The importance language has in any culture should be noticed. Language is an organized system of speech by which people communicate with each other with mutual comprehension. Also, it is very important to note that by the words it contains and the concepts it can formulate, language is said to determine the attitudes, understandings, and responses in any society. Language, therefore, may be both a cause and a symbol of cultural differentiation (Fish-man, 1999; Hall, Hawkey, Kenny, & Storer, 1986). Language reflects environment and technology: Arabic has 80 words for camels, while Japanese has more than 20 words for rice and Inuit has more than 20 words for snow and ice (Nettle & Romaine, 2000). Clients and users have several special words that they use when discussing their activities.

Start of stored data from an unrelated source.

lemma F0_not_gt_2: "\<not> 2 < F 0"
proof
  assume F0: "2 < F 0"
  obtain Y where "0 \<le> Y" "F Y < 2"
    using obtain_F_lt[of 2] by auto
  moreover have "continuous_on {0..Y} (\<lambda>y. - F y)"
    by (intro continuous_intros continuous_on_F)
  ultimately obtain t where "0 < t" "F t = 2" and above: "\<And>z. 0 \<le> z \<Longrightarrow> z < t \<Longrightarrow> 2 < F z"
    using F0 first_crossing[of 0 Y "\<lambda>y. - F y" "- 2"] by auto
  have "0 \<le> 1 * (F t - F 0)"
  proof (rule F_moves_away_from_2)
    fix z assume "0 \<le> z" "z \<le> t"
    with above[of z] \<open>F t = 2\<close> show "0 \<le> 1 * (F z - 2)"
      by (cases "z = t") auto
  qed (use \<open>0 < t\<close> in simp)
  with F0 \<open>F t = 2\<close> show False by simp
qed

lemma F0_ne_2: "F 0 \<noteq> 2"
proof
  assume "F 0 = 2"
  obtain Y where "0 \<le> Y" "F Y < 2"
    using obtain_F_lt[of 2] by auto
  with \<open>F 0 = 2\<close> d0 show False
    using F_eq_2_propagates[of 0 Y] by simp
qed

lemma F0_lt_2: "F 0 < 2"
  using F0_not_gt_2 F0_ne_2 by linarith

lemma F_lt_2: "0 \<le> y \<Longrightarrow> F y < 2"
proof (rule ccontr)
  assume "0 \<le> y" "\<not> F y < 2"
  moreover have "continuous_on {0..y} F"
    by (rule continuous_on_F)
  ultimately obtain t where "0 < t" "F t = 2" and below: "\<And>z. 0 \<le> z \<Longrightarrow> z < t \<Longrightarrow> F z < 2"
    using F0_lt_2 first_crossing[of 0 y F 2] by auto
  have "0 \<le> - 1 * (F t - F 0)"
  proof (rule F_moves_away_from_2)
    fix z assume "0 \<le> z" "z \<le> t"
    with below[of z] \<open>F t = 2\<close> show "0 \<le> - 1 * (F z - 2)"
      by (cases "z = t") auto
  qed (use \<open>0 < t\<close> in simp)
  with F0_lt_2 \<open>F t = 2\<close> show False by simp
qed

lemma F'_neg: "0 < y \<Longrightarrow> F' y < 0"
proof -
  assume "0 < y"
  have "H y < H 0"
  proof (rule DERIV_neg_imp_decreasing[OF \<open>0 < y\<close>])
    fix x :: real assume "0 \<le> x" "x \<le> y"
    then have "exp (x^2 / 2) * (F x * (F x - 2)) < 0"
      using F_lt_2[of x] pos[of x] by (simp add: mult_pos_neg)
    then show "\<exists>z. DERIV H x :> z \<and> z < 0"
      using H_deriv by blast
  qed
  then show ?thesis
    using F'_eq_H[of y] by (simp add: H_0 mult_pos_neg)
qed

lemma F_strict_decreasing:
  assumes "0 \<le> x" "x < y"
  shows "F y < F x"
proof (rule DERIV_neg_imp_decreasing_open[OF \<open>x < y\<close> _ continuous_on_F])
  fix z assume "x < z" "z < y"
  with \<open>0 \<le> x\<close> have "F' z < 0"
    by (intro F'_neg) simp
  then show "\<exists>w. DERIV F z :> w \<and> w < 0"
    using deriv1 by blast
qed

lemma F0_gt_1: "1 < F 0"
proof (rule ccontr)
  assume "\<not> 1 < F 0"
  define \<Phi> where "\<Phi> y = F' y + y * F y" for y
  have \<Phi>_deriv_neg: "\<exists>w. DERIV \<Phi> x :> w \<and> w < 0" if "0 < x" for x
  proof -
    have "F x < 1"
      using F_strict_decreasing[of 0 x] that \<open>\<not> 1 < F 0\<close> by simp
    then have "F x * (F x - 1) < 0"
      using pos[of x] by (simp add: mult_pos_neg)
    then show ?thesis
      using F'_plus_y_F_deriv[of x] unfolding \<Phi>_def by blast
  qed
  have "continuous_on {0..1} \<Phi>"
    unfolding \<Phi>_def by (intro continuous_intros continuous_on_F continuous_on_F')
  then have "\<Phi> 1 < \<Phi> 0"
    using \<Phi>_deriv_neg DERIV_neg_imp_decreasing_open[of 0 1 \<Phi>] by simp
  then have "\<Phi> 1 < 0"
    by (simp add: \<Phi>_def d0)
  moreover have "eventually (\<lambda>y. \<Phi> y \<le> \<Phi> 1) at_top"
    using eventually_ge_at_top[of 1]
  proof eventually_elim
    case (elim y)
    show ?case
    proof (rule DERIV_nonpos_imp_nonincreasing[OF elim])
      fix x :: real assume "1 \<le> x"
      then obtain w where "DERIV \<Phi> x :> w" "w < 0"
        using \<Phi>_deriv_neg[of x] by auto
      then show "\<exists>w. DERIV \<Phi> x :> w \<and> w \<le> 0"
        by (auto intro: less_imp_le)
    qed
  qed
  moreover have "(\<Phi> \<longlongrightarrow> 0) at_top"
    unfolding \<Phi>_def using tendsto_add[OF F'_tendsto_0 y_mult_F_tendsto_0] by simp
  ultimately show False
    using tendsto_upperbound[of \<Phi> 0 at_top "\<Phi> 1"] by simp
qed

end

theorem lemma3p2:
  fixes F F' F'' :: "real \<Rightarrow> real" and c0 :: real
  assumes deriv1: "\<And>x. (F has_real_derivative F' x) (at x)"
    and deriv2: "\<And>x. (F' has_real_derivative F'' x) (at x)"
    and cont2: "continuous_on UNIV F''"
    and sym: "\<And>x. F (- x) = F x"
    and pos: "\<And>x. F x > 0"
    and ode: "\<And>y. F'' y / 2 + y / 2 * F' y + F y - (F y)^2 / 2 = 0"
    and d0: "F' 0 = 0"
    and c0_pos: "c0 > 0"
    and asym: "((\<lambda>y. F y / (c0 * y * exp (- (y^2) / 2))) \<longlongrightarrow> 1) at_top"
  shows "(\<forall>x0 y. 0 \<le> x0 \<and> x0 \<le> y \<longrightarrow>
            F' y = exp (- (y^2) / 2 + x0^2 / 2) * F' x0
                   + integral {x0..y} (\<lambda>z. exp (- (y^2) / 2 + z^2 / 2) * F z * (F z - 2)))
       \<and> ((\<lambda>y. exp (y^2 / 2) * F' y / y^2) \<longlongrightarrow> - c0) at_top
       \<and> 1 < F 0 \<and> F 0 < 2
       \<and> (\<forall>x y. 0 \<le> x \<and> x < y \<longrightarrow> F y < F x)"
proof -
  interpret profile F F' F'' c0
    using deriv1 deriv2 ode pos d0 asym by unfold_locales
  show ?thesis
    using F'_integral_eq H_over_square_tendsto F0_gt_1 F0_lt_2 F_strict_decreasing by blast
qed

The requirements engineer must pick and understand as many of these words as possible as a first step in understanding clients' and users' culture.

Glossaries have been used in software engineering with different purposes, such as data dictionaries in early database topics (Codd, 1982) to document entities, attributes, relations, types, and services of databases. Thus, it provides a common understanding of all the system names to the developer team and later to the maintenance team. However, data dictionaries are also an important component of structured analysis, data recording, data storage, and the details of processes (Gane & Sarson, 1982; Senn, 1989), though authors like Gane and Sarson suggest that the real name for them should be project guide instead of data dictionary. These data dictionaries are created during analysis and also used during system design. They satisfy five objectives: to manage details, communicate common meanings, document system characteristics, help the analysis of details and changes, and locate errors and omissions of the system.

In this article an RE process beginning with the construction of a language-extended lexicon (LEL) as its first activity (Leite, Hadad, Doorn, & Kaplan, 2000) is addressed, and the structure and creation of this LEL is described.

GLOSSARY CREATION

The word dictionary was coined by Henry Cockeran in 1623, but the first known dictionaries belong to the seventh century B.C., and they contain the most important data of the Mesopotamian culture (MSN Microsoft Corporation, 2006). The first dictionaries were catalogues of unusual, difficult, or confusing words and phrases since the common vocabulary was considered to have no need of an explanation or a definition. The oldest glossary comes from the second century A.D. and contains technical Greek words used by Hypocrites. It was in later centuries that a catalogue of all the words of a language was built: for Arabic. So, the origin of glossaries and dictionaries was to give definitions of words and phrases of a particular domain; then, they were extended to an entire language in lexical dictionaries. Nowadays, there are different types of dictionaries covering different necessities, like dictionaries of synonyms and antonyms, dictionaries of idiomatic usage, etymology dictionaries, encyclopedic dictionaries, bilingual dictionaries, glossaries in text topics, dictionaries of ideologies, slang dictionaries, and dictionaries of neologisms, among many others.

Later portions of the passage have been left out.